Step-by-Step Instructions
Preparation Steps
1. First, heat 1 tablespoon of sesame oil in a large non-stick skillet over medium heat. Wait until it shimmers.
2. Next, add 1 small diced onion to the pan. Sauté for 2-3 minutes until the onion softens.
3. Now, mix in 3 minced garlic cloves and 1-inch piece of grated ginger. Cook for 1-2 minutes until fragrant.
Cooking the Meat
1. Increase the heat to medium-high. Introduce 1 pound of ground chicken or turkey to the skillet.
2. Use a spatula to break the meat apart as it cooks. Cook thoroughly for about 5-7 minutes until no pink remains.
Combining Ingredients
1. Once the meat is fully cooked, add 2 cups of shredded green cabbage, 1 cup of shredded carrots, and 1/2 cup of diced mushrooms to the skillet.
2. Stir everything together and sauté for about 5 minutes. You want the veggies tender yet still crisp.
3. In a small bowl, whisk together 1/4 cup of low-sodium soy sauce, 1 tablespoon of rice vinegar, 1 teaspoon of sugar, and 1/4 teaspoon of red pepper flakes, if you like heat.
4. Pour this sauce over the mixture in the skillet. Stir well and cook for another 2-3 minutes, letting all the flavors blend.
5. Season with salt and freshly cracked pepper to taste. Serve hot, garnished with sliced green onions.Enjoy your meal!
Tips & Tricks
Perfecting the Recipe
When making Egg Roll in a Bowl, choosing the right meat is key. Ground chicken gives a light flavor. Ground turkey is leaner and has a richer taste. Both work well, so pick what you like best.
To keep your vegetables crisp, do not overcook them. Add cabbage, carrots, and mushrooms last. Stir-fry just until they are bright and tender. This keeps the crunch and bright color.
Serving Suggestions
For a great bowl presentation, use deep bowls. Layer the meat and veggie mix at the bottom. Top with green onions and sesame seeds for a nice look. It makes the dish more fun to eat!

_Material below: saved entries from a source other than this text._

(* Let $N$ be a finitely generated torsion-free nilpotent group and let $\phi\in\mathrm{Aut}(N)$ be such that the induced automorphism of $H_1(N,\mathbb{Q})$ is unipotent. Then $K_{\phi}=1$.
   Context: For a finitely generated group $G$ with finite generating set $S$, $\ell=\ell_S$ denotes word length with respect to $S$. For $\phi\in\mathrm{Aut}(G)$, the entropy of $\phi$ is $K_{\phi}=\max_{s\in S}\lim_{n\to\infty}\ell(\phi^n(s))^{1/n}$; it is independent of $S$. A linear automorphism $A$ is unipotent if $A-I$ is nilpotent. *)

theory Defs
  imports Complex_Main "HOL-Algebra.Algebra"
begin

text \<open>Lower central series: gamma_1 = G (index 0 here), gamma_{i+1} = [G, gamma_i].\<close>
fun lower_central :: "('a, 'b) monoid_scheme \<Rightarrow> nat \<Rightarrow> 'a set" where
  "lower_central G 0 = carrier G"
| "lower_central G (Suc n) =
     generate G (\<Union>x \<in> carrier G. \<Union>y \<in> lower_central G n.
                   {x \<otimes>\<^bsub>G\<^esub> y \<otimes>\<^bsub>G\<^esub> inv\<^bsub>G\<^esub> x \<otimes>\<^bsub>G\<^esub> inv\<^bsub>G\<^esub> y})"

definition nilpotent_group :: "('a, 'b) monoid_scheme \<Rightarrow> bool" where
  "nilpotent_group G \<longleftrightarrow> group G \<and> (\<exists>c. lower_central G c = {\<one>\<^bsub>G\<^esub>})"
(* Let $p\ge 2$, $0<T\le\infty$. (Direct part.) Let $(a_i(t))_{i\ge0}$, $t\in[0,T)$, be a solution of $$\dot a_i=a_i\Big(\prod_{j=1}^{p}a_{i+j}-\prod_{j=1}^{p}a_{i-j}\Big),\quad i\in\mathbb Z_+,\ a_l=0\ (l<0),$$ with $a_i(t)\neq 0$ and $(a_i(t))_i\in l_\infty$, and set $b_i(t)=a_i(t)a_{i+1}(t)\cdots a_{i+p-1}(t)$ (the Miura map; $(b_i)$ then solves $\dot b_i=b_i(\sum_{j=1}^p b_{i+j}-\sum_{j=1}^p b_{i-j})$, $b_l=0$ for $l<0$). Let $S^l_k(t)=(L1(t)^k)_{l-1,0}$ and $\tilde S^l_k(t)=(L2(t)^k)_{0,l-1}$, $l=1,\dots,p$, $k\ge 0$, be the moments of the matrices $L1(t)$ built from $(a_i(t))$ and $L2(t)$ built from $(b_i(t))$. Then $$\frac{S^l_k(t)}{S^l_{l-1}(t)}=\tilde S^l_k(t),\qquad l=1,\dots,p,\ k\in\mathbb Z_+.$$ (Converse part.) Let $(b_i(t))_{i\ge0}$, $t\in[0,T)$, be a solution of $\dot b_i=b_i(\sum_{j=1}^p b_{i+j}-\sum_{j=1}^p b_{i-j})$, $b_l=0$ for $l<0$, with $b_i(t)\ne 0$, $(b_i(t))_i\in l_\infty$. Choose nonzero $a_0(0),\dots,a_{p-2}(0)\in\mathbb C$ and define $a_i(t)=a_i(0)\exp\big(\int_0^t b_{i+1}(\tau)d\tau\big)$ for $i=0,\dots,p-2$ and recursively $a_i(t)=b_{i-p+1}(t)/(a_{i-p+1}(t)\cdots a_{i-1}(t))$ for $i\ge p-1$. Then, with $S^l_k(t)$ the moments of $L1(t)$ built from these $a_i(t)$ and $\tilde S^l_k(t)$ those of $L2(t)$ built from $b_i(t)$, one has for all $k\in\mathbb Z_+$ $$S^1_k(t)=\tilde S^1_k(t),\qquad S^l_k(t)=a_0(0)\cdots a_{l-2}(0)\,\exp\Big(\int_0^t\big(\tilde S^l_{l+p}(\tau)-\tilde S^1_{p+1}(\tau)\big)d\tau\Big)\tilde S^l_k(t),\quad l=2,\dots,p,$$ and $S(t)=(S^1_k(t),\dots,S^p_k(t))_k$ is the moment sequence of the matrix $L1(t)$ associated with a solution of the first ($a$-)system.
   Context: For a sequence $(a_i)$, $L1$ is the infinite matrix (indices $\ge0$) with $(L1)_{i,i+p}=1$, $(L1)_{i+1,i}=a_i$ for $i\ge0$, other entries zero. For $(b_i)$, $L2$ is the infinite matrix with $(L2)_{i,i+1}=1$, $(L2)_{i+p,i}=b_i$ for $i\ge 0$, other entries zero. Matrix powers are ordinary products of these banded matrices. *)

theory Defs
  imports "HOL-Analysis.Analysis"
begin

text \<open>Infinite matrices indexed by nat x nat, with complex entries.
  The product is the ordinary one; it is a finite sum for row-finite matrices
  (such as the banded matrices L1, L2 and their powers).\<close>

type_synonym imat = "nat \<Rightarrow> nat \<Rightarrow> complex"

definition imult :: "imat \<Rightarrow> imat \<Rightarrow> imat" where
  "imult A B = (\<lambda>i j. \<Sum>m\<in>{m. A i m \<noteq> 0}. A i m * B m j)"

definition iid :: imat where
  "iid = (\<lambda>i j. if i = j then 1 else 0)"
lemma mesh_cell_nonempty:
  assumes "mesh xs N" "j \<in> {1..N}"
  shows "xs (j - 1) < xs j"
proof -
  have "j - 1 < N" "Suc (j - 1) = j" using assms(2) by auto
  then show ?thesis using assms(1) unfolding mesh_def by metis
qed

theorem proposition2p3:
  fixes \<alpha> \<beta> T :: real and p N :: nat and xs :: "nat \<Rightarrow> real"
    and v w \<psi> vt wt \<psi>t :: "real \<Rightarrow> nat \<Rightarrow> real poly"
  assumes "\<alpha> > 0" and "\<beta> > 0" and "mesh xs N"
    and inX: "\<And>t. t \<in> {0..T} \<Longrightarrow> v t \<in> Xsp N p \<and> w t \<in> Xsp N p \<and> \<psi> t \<in> Xsp N p"
    and dv: "\<And>t j x. t \<in> {0..T} \<Longrightarrow> j \<in> {1..N} \<Longrightarrow> x \<in> {xs (j - 1)..xs j} \<Longrightarrow>
        ((\<lambda>s. poly (v s j) x) has_real_derivative poly (vt t j) x) (at t within {0..T})"
    and dw: "\<And>t j x. t \<in> {0..T} \<Longrightarrow> j \<in> {1..N} \<Longrightarrow> x \<in> {xs (j - 1)..xs j} \<Longrightarrow>
        ((\<lambda>s. poly (w s j) x) has_real_derivative poly (wt t j) x) (at t within {0..T})"
    and d\<psi>: "\<And>t j x. t \<in> {0..T} \<Longrightarrow> j \<in> {1..N} \<Longrightarrow> x \<in> {xs (j - 1)..xs j} \<Longrightarrow>
        ((\<lambda>s. poly (\<psi> s j) x) has_real_derivative poly (\<psi>t t j) x) (at t within {0..T})"
    and eq1: "\<And>t \<phi>. t \<in> {0..T} \<Longrightarrow> \<phi> \<in> Xsp N p \<Longrightarrow>
        (\<Sum>j=1..N. cint xs j (\<lambda>x. poly (vt t j) x * poly (\<phi> j) x))
      + (\<Sum>j=1..N. cint xs j (\<lambda>x. cfun \<alpha> \<beta> (poly (\<psi> t j) x) * poly (w t j) x * poly (pderiv (\<phi> j)) x))
      - (\<Sum>j=1..N. cbar \<alpha> \<beta> xs N (\<psi> t) j * avg xs N (w t) j * trm xs N \<phi> j)
      + (\<Sum>j=1..N. cbar \<alpha> \<beta> xs N (\<psi> t) (j - 1) * avg xs N (w t) (j - 1) * trp xs N \<phi> (j - 1))
      = (\<Sum>j=1..N. cint xs j (\<lambda>x. cfun \<alpha> \<beta> (poly (\<psi> t j) x) * poly (pderiv (w t j * \<phi> j)) x))
      - (\<Sum>j=1..N. cbar \<alpha> \<beta> xs N (\<psi> t) j * trm xs N (w t) j * trm xs N \<phi> j)
      + (\<Sum>j=1..N. cbar \<alpha> \<beta> xs N (\<psi> t) (j - 1) * trp xs N (w t) (j - 1) * trp xs N \<phi> (j - 1))"
    and eq2: "\<And>t \<eta>. t \<in> {0..T} \<Longrightarrow> \<eta> \<in> Xsp N p \<Longrightarrow>
        (\<Sum>j=1..N. cint xs j (\<lambda>x. poly (wt t j) x * poly (\<eta> j) x))
      + (\<Sum>j=1..N. cint xs j (\<lambda>x. cfun \<alpha> \<beta> (poly (\<psi> t j) x) * poly (v t j) x * poly (pderiv (\<eta> j)) x))
      - (\<Sum>j=1..N. cbar \<alpha> \<beta> xs N (\<psi> t) j * avg xs N (v t) j * trm xs N \<eta> j)
      + (\<Sum>j=1..N. cbar \<alpha> \<beta> xs N (\<psi> t) (j - 1) * avg xs N (v t) (j - 1) * trp xs N \<eta> (j - 1))
      = 0"
    and eq3: "\<And>t \<zeta>. t \<in> {0..T} \<Longrightarrow> \<zeta> \<in> Xsp N p \<Longrightarrow>
        (\<Sum>j=1..N. cint xs j (\<lambda>x. poly (\<psi>t t j) x * poly (\<zeta> j) x))
      = (\<Sum>j=1..N. cint xs j (\<lambda>x. poly (v t j) x * poly (\<zeta> j) x))"
    and "t \<in> {0..T}"
  shows "((\<lambda>s. \<Sum>j=1..N. cint xs j (\<lambda>x. (poly (v s j) x)\<^sup>2 + (poly (w s j) x)\<^sup>2))
           has_real_derivative 0) (at t within {0..T})"
proof -
  note tT = \<open>t \<in> {0..T}\<close>
  have vX: "v t \<in> Xsp N p" and wX: "w t \<in> Xsp N p" using inX[OF tT] by auto
  have deg: "degree (v s j) \<le> p" "degree (w s j) \<le> p" if "s \<in> {0..T}" "j \<in> {1..N}" for s j
    using inX[OF that(1)] that(2) unfolding Xsp_def by auto
  have product_rule:
    "(\<Sum>j=1..N. cint xs j (\<lambda>x. cfun \<alpha> \<beta> (poly (\<psi> t j) x) * poly (w t j) x * poly (pderiv (v t j)) x))
   + (\<Sum>j=1..N. cint xs j (\<lambda>x. cfun \<alpha> \<beta> (poly (\<psi> t j) x) * poly (v t j) x * poly (pderiv (w t j)) x))
   = (\<Sum>j=1..N. cint xs j (\<lambda>x. cfun \<alpha> \<beta> (poly (\<psi> t j) x) * poly (pderiv (w t j * v t j)) x))"
    unfolding sum.distrib[symmetric]
    by (intro sum.cong refl cint_pderiv_mult) (auto simp: cfun_def intro!: continuous_intros)
  have energy_rate: "(\<Sum>j=1..N. cint xs j (\<lambda>x. poly (vt t j) x * poly (v t j) x))
                   + (\<Sum>j=1..N. cint xs j (\<lambda>x. poly (wt t j) x * poly (w t j) x)) = 0"
    using eq1[OF tT vX] eq2[OF tT wX] product_rule
      central_flux_balance[where c = "cbar \<alpha> \<beta> xs N (\<psi> t)" and xs = xs and W = "w t" and V = "v t",
        OF cbar_periodic]
    by linarith
  have split: "cint xs j (\<lambda>x. (poly (v s j) x)\<^sup>2 + (poly (w s j) x)\<^sup>2)
      = cint xs j (\<lambda>x. (poly (v s j) x)\<^sup>2) + cint xs j (\<lambda>x. (poly (w s j) x)\<^sup>2)" for s j
    unfolding cint_def by (rule integral_add) (auto intro!: integrable_continuous_interval continuous_intros)
  have dv_cell: "((\<lambda>s. cint xs j (\<lambda>x. (poly (v s j) x)\<^sup>2)) has_real_derivative
      2 * cint xs j (\<lambda>x. poly (vt t j) x * poly (v t j) x)) (at t within {0..T})"
    and dw_cell: "((\<lambda>s. cint xs j (\<lambda>x. (poly (w s j) x)\<^sup>2)) has_real_derivative
      2 * cint xs j (\<lambda>x. poly (wt t j) x * poly (w t j) x)) (at t within {0..T})"
    if j: "j \<in> {1..N}" for j
    unfolding cint_def using deg j mesh_cell_nonempty[OF \<open>mesh xs N\<close> j]
    by (auto intro!: has_real_derivative_integral_poly_square[where p = p] tT dv[OF tT j] dw[OF tT j])
  have energy_deriv: "((\<lambda>s. \<Sum>j=1..N. cint xs j (\<lambda>x. (poly (v s j) x)\<^sup>2 + (poly (w s j) x)\<^sup>2)) has_real_derivative
      (\<Sum>j=1..N. 2 * cint xs j (\<lambda>x. poly (vt t j) x * poly (v t j) x)
                + 2 * cint xs j (\<lambda>x. poly (wt t j) x * poly (w t j) x))) (at t within {0..T})"
    unfolding split by (intro DERIV_sum DERIV_add dv_cell dw_cell)
  have "(\<Sum>j=1..N. 2 * cint xs j (\<lambda>x. poly (vt t j) x * poly (v t j) x)
                + 2 * cint xs j (\<lambda>x. poly (wt t j) x * poly (w t j) x))
      = 2 * ((\<Sum>j=1..N. cint xs j (\<lambda>x. poly (vt t j) x * poly (v t j) x))
           + (\<Sum>j=1..N. cint xs j (\<lambda>x. poly (wt t j) x * poly (w t j) x)))"
    by (simp add: sum.distrib sum_distrib_left)
  with energy_deriv energy_rate show ?thesis by simp
qed
(* Define binary words by $a_0=0$, $b_0=1$, $a_{n+1}=a_nb_n$, $b_{n+1}=b_na_n$ (so $|a_n|=2^n$). For every integer $u>0$ and every $n$ with $u\le |a_n|/4$, among the positions $i\in\{1,\ldots,2^n-u\}$ there are at least $2^n/4$ positions where the $i$-th and $(i+u)$-th bits of $a_n$ coincide and at least $2^n/4$ positions where they differ. *)

theory Defs
  imports Complex_Main
begin

(* Thue--Morse type words: a_0 = 0, b_0 = 1, a_{n+1} = a_n b_n, b_{n+1} = b_n a_n.
   Words are lists of bits (0/1 as nat); the i-th bit (1-indexed) of w is w ! (i - 1). *)
fun tm_a :: "nat \<Rightarrow> nat list" and tm_b :: "nat \<Rightarrow> nat list" where
  "tm_a 0 = [0]"
| "tm_b 0 = [1]"
| "tm_a (Suc n) = tm_a n @ tm_b n"
| "tm_b (Suc n) = tm_b n @ tm_a n"

end

theory Submission
  imports Defs
begin

(* The word tm_a n is the prefix of length 2^n of the Thue--Morse sequence t, where t k
   is the parity of the binary digit sum of k; equivalently t 0 = False, t (2j) = t j and
   t (2j+1) = \<not> t j.  For a shift u and a length L let agree L u and differ L u count the
   k < L with t k = t (k+u), resp. t k \<noteq> t (k+u).  Splitting k by parity and using the
   recursion of t gives four recurrences that halve both the length and the shift, with
   agree and differ exchanged for odd shifts.  Calling u balanced at level n when both
   counts over the 2^n - u admissible positions are at least 2^n/4, induction on n shows
   that every shift 0 < u \<le> 2^n/4 is balanced: even shifts inherit the property from
   u/2, odd shifts 2v+1 from v and v+1, and the shift 1 is handled directly because
   t (2j) \<noteq> t (2j+1) for all j.  *)

fun thue_morse :: "nat \<Rightarrow> bool" where
  "thue_morse n = (if n = 0 then False else thue_morse (n div 2) \<noteq> odd n)"
declare thue_morse.simps[simp del]

lemma thue_morse_0 [simp]: "\<not> thue_morse 0"
  by (simp add: thue_morse.simps)

lemma thue_morse_even [simp]: "thue_morse (2 * j) = thue_morse j"
  by (subst thue_morse.simps) simp

lemma thue_morse_odd [simp]: "thue_morse (Suc (2 * j)) = (\<not> thue_morse j)"
  by (subst thue_morse.simps) simp

(* Adding a new leading binary digit flips the sequence; this is what the
   concatenation a_{n+1} = a_n b_n with b_n the complement of a_n expresses. *)
lemma thue_morse_high_bit: "j < 2 ^ n \<Longrightarrow> thue_morse (2 ^ n + j) = (\<not> thue_morse j)"
proof (induction n arbitrary: j)
  case 0
  then show ?case using thue_morse_odd[of 0] by simp
next
  case (Suc n)
  show ?case
  proof (cases "even j")
    case True
    then obtain i where "j = 2 * i" by (rule evenE)
    with Suc show ?thesis using thue_morse_even[of "2 ^ n + i"] Suc.IH[of i] by simp
  next
    case False
    then obtain i where "j = 2 * i + 1" by (rule oddE)
    with Suc show ?thesis using thue_morse_odd[of "2 ^ n + i"] Suc.IH[of i] by simp
  qed
qed

lemma tm_length: "length (tm_a n) = 2 ^ n \<and> length (tm_b n) = 2 ^ n"
  by (induction n) auto

lemma tm_nth:
  "k < 2 ^ n \<Longrightarrow> tm_a n ! k = of_bool (thue_morse k) \<and> tm_b n ! k = of_bool (\<not> thue_morse k)"
proof (induction n arbitrary: k)
  case 0
  then show ?case by simp
next
  case (Suc n)
  show ?case
  proof (cases "k < 2 ^ n")
    case True
    then show ?thesis using Suc.IH tm_length[of n] by (simp add: nth_append)
  next
    case False
    define j where "j = k - 2 ^ n"
    have j: "k = 2 ^ n + j" "j < 2 ^ n"
      using False Suc.prems unfolding j_def by auto
    then show ?thesis
      using Suc.IH[OF j(2)] tm_length[of n] thue_morse_high_bit[OF j(2)] by (simp add: nth_append)
  qed
qed

lemma card_split_parity:
  "card {k. k < (L::nat) \<and> P k}
     = card {j. j < (L + 1) div 2 \<and> P (2 * j)} + card {j. j < L div 2 \<and> P (2 * j + 1)}"
proof -
  let ?E = "{j. j < (L + 1) div 2 \<and> P (2 * j)}" and ?O = "{j. j < L div 2 \<and> P (2 * j + 1)}"
  have "{k. k < L \<and> P k} = (\<lambda>j. 2 * j) ` ?E \<union> (\<lambda>j. 2 * j + 1) ` ?O"
  proof (intro set_eqI iffI)
    fix k assume "k \<in> {k. k < L \<and> P k}"
    then show "k \<in> (\<lambda>j. 2 * j) ` ?E \<union> (\<lambda>j. 2 * j + 1) ` ?O"
      by (cases "even k") (auto elim!: evenE oddE intro!: image_eqI)
  qed auto
  moreover have "(\<lambda>j. 2 * j) ` ?E \<inter> (\<lambda>j. 2 * j + 1) ` ?O = {}" by auto presburger
  ultimately show ?thesis
    by (simp add: card_Un_disjoint card_image inj_on_def)
qed

definition agree :: "nat \<Rightarrow> nat \<Rightarrow> nat" where
  "agree L u = card {k. k < L \<and> thue_morse k = thue_morse (k + u)}"
definition differ :: "nat \<Rightarrow> nat \<Rightarrow> nat" where
  "differ L u = card {k. k < L \<and> thue_morse k \<noteq> thue_morse (k + u)}"

(* Instance of the even recursion in the shape produced by shifting odd arguments. *)
lemma thue_morse_double_Suc [simp]: "thue_morse (Suc (Suc (2 * m))) = thue_morse (Suc m)"
  using thue_morse_even[of "Suc m"] by simp

(* Halving recurrences: an even shift 2v acts as v on both parity classes, an odd
   shift 2v+1 moves each class to the other one, with shift v or v+1. *)
lemma agree_even_shift: "agree L (2 * v) = agree ((L + 1) div 2) v + agree (L div 2) v"
  unfolding agree_def
  by (subst card_split_parity)
     (auto simp add: distrib_left[symmetric] simp del: distrib_left_numeral intro!: arg_cong[where f = card])
lemma differ_even_shift: "differ L (2 * v) = differ ((L + 1) div 2) v + differ (L div 2) v"
  unfolding differ_def
  by (subst card_split_parity)
     (auto simp add: distrib_left[symmetric] simp del: distrib_left_numeral intro!: arg_cong[where f = card])
lemma differ_odd_shift: "differ L (2 * v + 1) = agree ((L + 1) div 2) v + agree (L div 2) (v + 1)"
  unfolding differ_def agree_def
  by (subst card_split_parity)
     (auto simp add: distrib_left[symmetric] simp del: distrib_left_numeral intro!: arg_cong[where f = card])

lemma agree_odd_shift: "agree L (2 * v + 1) = differ ((L + 1) div 2) v + differ (L div 2) (v + 1)"
  unfolding differ_def agree_def
  by (subst card_split_parity)
     (auto simp add: distrib_left[symmetric] simp del: distrib_left_numeral intro!: arg_cong[where f = card])

definition balanced :: "nat \<Rightarrow> nat \<Rightarrow> bool" where
  "balanced n u \<longleftrightarrow> 2 ^ n \<le> 4 * agree (2 ^ n - u) u \<and> 2 ^ n \<le> 4 * differ (2 ^ n - u) u"

(* Even shifts: both counts for 2v at level n+1 are twice those for v at level n. *)
lemma balanced_double:
  assumes "balanced n v"
  shows "balanced (Suc n) (2 * v)"
proof -
  have L: "2 ^ Suc n - 2 * v = 2 * (2 ^ n - v)"
    by (simp add: diff_mult_distrib2)
  have "agree (2 ^ Suc n - 2 * v) (2 * v) = 2 * agree (2 ^ n - v) v"
       "differ (2 ^ Suc n - 2 * v) (2 * v) = 2 * differ (2 ^ n - v) v"
    unfolding L agree_even_shift differ_even_shift by simp_all
  then show ?thesis using assms(1) unfolding balanced_def by simp
qed

(* At least half the positions differ from their successor, since t (2j) \<noteq> t (2j+1). *)
lemma differ_one_lower: "(L + 1) div 2 \<le> differ L 1"
proof -
  have "agree M 0 = M" for M unfolding agree_def by simp
  then show ?thesis using differ_odd_shift[of L 0] by simp
qed

lemma balanced_one:
  assumes "1 \<le> n"
  shows "balanced (Suc n) 1"
proof -
  have differ0: "differ M 0 = 0" for M unfolding differ_def by simp
  have "(1::nat) \<le> 2 ^ n" by simp
  then have L: "2 ^ Suc n - 1 = 2 * (2 ^ n - 1) + (1::nat)"
    unfolding power_Suc by arith
  have half: "2 ^ n = 2 * (2::nat) ^ (n - 1)" using assms by (metis Suc_diff_le diff_Suc_1 power_Suc)
  have "2 ^ Suc n \<le> 4 * differ (2 ^ n - 1) 1"
    using differ_one_lower[of "2 ^ n - 1"] half by simp
  moreover have "agree (2 ^ Suc n - 1) 1 = differ (2 ^ n - 1) 1"
    using agree_odd_shift[of "2 ^ Suc n - 1" 0] L differ0 by simp
  moreover have "2 ^ Suc n \<le> 4 * differ (2 ^ Suc n - 1) 1"
    using differ_one_lower[of "2 ^ Suc n - 1"] by simp
  ultimately show ?thesis unfolding balanced_def by simp
qed

(* Odd shifts: the counts for 2v+1 at level n+1 are sums of the swapped counts for
   v and v+1 at level n. *)
lemma balanced_odd:
  assumes "balanced n v" and "balanced n (v + 1)" and "v < 2 ^ n"
  shows "balanced (Suc n) (2 * v + 1)"
proof -
  have L: "2 ^ Suc n - (2 * v + 1) = 2 * (2 ^ n - (v + 1)) + 1"
    using assms(3) by (simp add: diff_mult_distrib2)
  have "agree (2 ^ Suc n - (2 * v + 1)) (2 * v + 1) = differ (2 ^ n - v) v + differ (2 ^ n - (v + 1)) (v + 1)"
       "differ (2 ^ Suc n - (2 * v + 1)) (2 * v + 1) = agree (2 ^ n - v) v + agree (2 ^ n - (v + 1)) (v + 1)"
    unfolding L agree_odd_shift differ_odd_shift using assms(3) by (simp_all add: Suc_diff_Suc)
  then show ?thesis using assms(1,2) unfolding balanced_def by simp
qed

(* Since 4 divides 2^n once 2^n \<ge> 6, the bound 4v+2 \<le> 2^n improves to 4(v+1) \<le> 2^n;
   this lets the odd case apply the induction hypothesis to v+1. *)
lemma four_times_succ_le_power:
  assumes "4 * v + 2 \<le> (2::nat) ^ n" and "0 < v"
  shows "4 * (v + 1) \<le> (2::nat) ^ n"
proof -
  have "\<not> n < 2"
  proof
    assume "n < 2"
    then have "(2::nat) ^ n \<le> 2 ^ 1" by (intro power_increasing) auto
    with assms show False by simp
  qed
  then obtain k where "n = k + 2" by (metis add.commute le_Suc_ex not_less)
  then have "(2::nat) ^ n = 4 * 2 ^ k" by (simp add: power_add)
  with assms(1) show ?thesis by presburger
qed

lemma shifts_balanced:
  assumes "0 < u" and "4 * u \<le> 2 ^ n"
  shows "balanced n u"
  using assms
proof (induction n arbitrary: u)
  case 0
  then show ?case by simp
next
  case (Suc n)
  show ?case
  proof (cases "even u")
    case True
    then obtain v where "u = 2 * v" by (rule evenE)
    with Suc show ?thesis using balanced_double[of n v] by simp
  next
    case False
    then obtain v where u: "u = 2 * v + 1" by (rule oddE)
    show ?thesis
    proof (cases "v = 0")
      case True
      have "1 \<le> n" using Suc.prems u True by (cases n) auto
      then show ?thesis using balanced_one u True by simp
    next
      case False
      have "4 * (v + 1) \<le> 2 ^ n"
        using four_times_succ_le_power[of v n] Suc.prems u False by simp
      then show ?thesis using Suc.IH[of v] Suc.IH[of "v + 1"] balanced_odd[of n v] u False by simp
    qed
  qed
qed

lemma card_one_indexed_pairs:
  "card {i \<in> {1..M::nat}. R (i - 1) (i + u - 1)} = card {k. k < M \<and> R k (k + u)}"
proof -
  have "{i \<in> {1..M}. R (i - 1) (i + u - 1)} = Suc ` {k. k < M \<and> R k (k + u)}"
  proof (intro set_eqI iffI)
    fix i assume "i \<in> {i \<in> {1..M}. R (i - 1) (i + u - 1)}"
    then have "i = Suc (i - 1)" and "i - 1 \<in> {k. k < M \<and> R k (k + u)}"
      by (auto simp: add.commute[of _ u])
    then show "i \<in> Suc ` {k. k < M \<and> R k (k + u)}" by (rule image_eqI)
  qed auto
  then show ?thesis by (simp add: card_image)
qed

lemma tm_a_equal_bits:
  assumes "k < 2 ^ n - u"
  shows "(tm_a n ! k = tm_a n ! (k + u)) = (thue_morse k = thue_morse (k + u))"
  using tm_nth[of k n] tm_nth[of "k + u" n] assms by simp

lemma real_quarter_bound: "(2::nat) ^ n \<le> 4 * c \<Longrightarrow> (2::real) ^ n / 4 \<le> real c"
proof -
  assume "(2::nat) ^ n \<le> 4 * c"
  then have "real (2 ^ n) \<le> real (4 * c)" by (simp only: of_nat_le_iff)
  then show ?thesis by simp
qed

theorem mainTheorem4:
  fixes u n :: nat
  assumes "u > 0"
    and "real u \<le> real (length (tm_a n)) / 4"
  shows "real (card {i \<in> {1..2^n - u}. tm_a n ! (i - 1) = tm_a n ! (i + u - 1)}) \<ge> (2::real)^n / 4
       \<and> real (card {i \<in> {1..2^n - u}. tm_a n ! (i - 1) \<noteq> tm_a n ! (i + u - 1)}) \<ge> (2::real)^n / 4"
proof -
  have "real (4 * u) \<le> real (2 ^ n)"
    using assms(2) tm_length[of n] by simp
  then have "4 * u \<le> 2 ^ n" by (simp only: of_nat_le_iff)
  with assms(1) have "balanced n u" by (rule shifts_balanced)
  moreover have "card {i \<in> {1..2^n - u}. tm_a n ! (i - 1) = tm_a n ! (i + u - 1)} = agree (2^n - u) u"
    using card_one_indexed_pairs[where R = "\<lambda>a b. tm_a n ! a = tm_a n ! b"] tm_a_equal_bits[of _ n u]
    unfolding agree_def by (auto intro!: arg_cong[where f = card])
  moreover have "card {i \<in> {1..2^n - u}. tm_a n ! (i - 1) \<noteq> tm_a n ! (i + u - 1)} = differ (2^n - u) u"
    using card_one_indexed_pairs[where R = "\<lambda>a b. tm_a n ! a \<noteq> tm_a n ! b"] tm_a_equal_bits[of _ n u]
    unfolding differ_def by (auto intro!: arg_cong[where f = card])
  ultimately show ?thesis
    unfolding balanced_def using real_quarter_bound by simp
qed

end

As for sides, steamed rice or cauliflower rice pairs well. You can also serve with a simple salad. These sides balance the flavors and add a fresh touch.
Adjusting Flavor Profiles
If you like spice, add more red pepper flakes. You can also try Sriracha or chili oil. These give your dish a nice heat that wakes up the flavors.
For different tastes, swap in soy sauce with coconut aminos. You can also use ginger paste or garlic powder. These changes can give your meal a new twist. Explore your options to find your favorite flavor!Enjoy your cooking!

Variations
Vegetarian Options
You can easily make a vegetarian version of Egg Roll in a Bowl. Start by using plant-based ground meat. It mimics the texture of meat while keeping it meat-free. You can also add tofu or tempeh. Both options soak up flavors well and add protein.
Keto-Friendly Substitutes
If you are on a keto diet, you can swap in low-carb veggies. Use zucchini noodles or cauliflower rice instead of the traditional cabbage. For sauces, try coconut aminos instead of soy sauce. It has fewer carbs and still packs a flavorful punch.
Customizing for Dietary Restrictions
To make this dish gluten-free, use tamari in place of soy sauce. This simple swap keeps the taste but removes gluten. If you want to lower sodium, use low-sodium soy sauce. You can also cut back on added salt. These changes help you enjoy the dish while meeting your health needs.
Storage Info
How to Store Leftovers
To keep your Egg Roll in a Bowl fresh, store leftovers in the fridge. Place the dish in a shallow container with a tight lid. This helps keep the flavors intact and prevents moisture loss. Use containers made of glass or BPA-free plastic. These materials help maintain the food’s taste and texture.
Reheating Instructions
To reheat, use the microwave or a skillet. If using the microwave, place it in a bowl and cover it with a damp paper towel. Heat in short bursts of 30 seconds, stirring in between. If you prefer a skillet, add a splash of water and cover it. This helps steam the dish, keeping it moist and tasty.
Freezing Guidelines
If you want to freeze portions, use freezer-safe containers. Separate the dish into single servings. Label each container with the date. When you’re ready to eat, defrost it in the fridge overnight. Reheat it in a skillet or microwave, ensuring it’s heated through. This way, you can enjoy a quick, tasty meal anytime.
FAQs
Common Questions About Egg Roll in a Bowl
What is Egg Roll in a Bowl?
Egg Roll in a Bowl is a fun twist on traditional egg rolls. It combines ground meat, cabbage, and carrots, all served in a bowl instead of a wrapper. This dish is packed with flavor and is quick to make. You get all the tasty parts of an egg roll without the fuss of rolling.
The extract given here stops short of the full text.